─── Study material
lemma det_interpolate_identity_gt_one:
  fixes Z :: "real^'n^'n"
  assumes "transpose Z = Z" "CARD('n) < trace Z"
  obtains t where "0 < t" "t \<le> 1" "1 < det ((1 - t) *\<^sub>R mat 1 + t *\<^sub>R Z)"
proof -
  obtain P \<mu> where P: "orthogonal_matrix P" "Z = P ** diag_mat \<mu> ** transpose P"
    using symmetric_matrix_diagonalization[OF assms(1)] by blast
  have "trace Z = (\<Sum>i\<in>UNIV. \<mu> $ i)"
    using P by (simp add: trace_congruence orthogonal_matrix_def trace_diag_mat)
  with assms(2) have "0 < (\<Sum>i\<in>UNIV. \<mu> $ i - 1)"
    by (simp add: sum_subtractf)
  then obtain t where t: "0 < t" "t \<le> 1" "1 < (\<Prod>i\<in>UNIV. 1 + t * (\<mu> $ i - 1))"
    using prod_one_add_gt_one_near_zero by blast
  have "(1 - t) *\<^sub>R mat 1 + t *\<^sub>R Z = P ** ((1 - t) *\<^sub>R mat 1 + t *\<^sub>R diag_mat \<mu>) ** transpose P"
    using P by (simp add: orthogonal_matrix_def matrix_add_ldistrib matrix_add_rdistrib
        matrix_scalar_ac scalar_matrix_assoc[symmetric] matrix_mul_assoc)
  also have "(1 - t) *\<^sub>R mat 1 + t *\<^sub>R diag_mat \<mu> = diag_mat (\<chi> i. 1 + t * (\<mu> $ i - 1))"
    by (simp add: diag_mat_def mat_def vec_eq_iff algebra_simps)
  finally show thesis
    using that t P(1) by (simp add: det_orthogonal_congruence det_diag_mat)
qed

lemma det_maximizer_trace_le:
  fixes C :: "(real^'n^'n) set" and S :: "real^'n^'n"
  assumes "convex C" and M: "M \<in> C" "\<And>N. N \<in> C \<Longrightarrow> det N \<le> det M"
    and S: "S ** M ** transpose S = mat 1"
    and N: "N \<in> C" "transpose N = N"
  shows "trace (N ** (transpose S ** S)) \<le> CARD('n)"
proof (rule ccontr)
  assume trace_gt: "\<not> ?thesis"
  define Z where "Z = S ** N ** transpose S"
  have "transpose Z = Z"
    using N(2) by (simp add: Z_def matrix_transpose_mul matrix_mul_assoc)
  moreover have "CARD('n) < trace Z"
    using trace_gt by (simp add: Z_def trace_congruence)
  ultimately obtain t where t: "0 < t" "t \<le> 1" "1 < det ((1 - t) *\<^sub>R mat 1 + t *\<^sub>R Z)"
    using det_interpolate_identity_gt_one by blast
  have "(1 - t) *\<^sub>R mat 1 + t *\<^sub>R Z = S ** ((1 - t) *\<^sub>R M + t *\<^sub>R N) ** transpose S"
    using S by (simp add: Z_def matrix_add_ldistrib matrix_add_rdistrib
        matrix_scalar_ac scalar_matrix_assoc[symmetric] matrix_mul_assoc)
  then have "det ((1 - t) *\<^sub>R mat 1 + t *\<^sub>R Z) = det S * det S * det ((1 - t) *\<^sub>R M + t *\<^sub>R N)"
    by (simp add: det_congruence)
  also have "\<dots> \<le> det S * det S * det M"
    using t M N(1) \<open>convex C\<close> by (intro mult_left_mono M(2) convexD) auto
  also have "\<dots> = 1"
    using arg_cong[OF S, of det] by (simp add: det_congruence)
  finally show False
    using t(3) by simp
qed

section \<open>Log-determinant duality\<close>

definition logdet_primal :: "('a \<Rightarrow> real^'n^'n) \<Rightarrow> 'a set \<Rightarrow> ereal" where
  "logdet_primal N I =
     (INF H \<in> {H. pos_def H \<and> (\<forall>i\<in>I. trace (N i ** H) \<le> CARD('n))}. - logdet H)"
──────
### Work item:
Exact reproduction is required. Give the lines of the data from its first line through the line containing "using symmetric_matrix_diagonalization[OF assms(1)]", and no others.

### Reply to the task:
lemma det_interpolate_identity_gt_one:
  fixes Z :: "real^'n^'n"
  assumes "transpose Z = Z" "CARD('n) < trace Z"
  obtains t where "0 < t" "t \<le> 1" "1 < det ((1 - t) *\<^sub>R mat 1 + t *\<^sub>R Z)"
proof -
  obtain P \<mu> where P: "orthogonal_matrix P" "Z = P ** diag_mat \<mu> ** transpose P"
    using symmetric_matrix_diagonalization[OF assms(1)] by blast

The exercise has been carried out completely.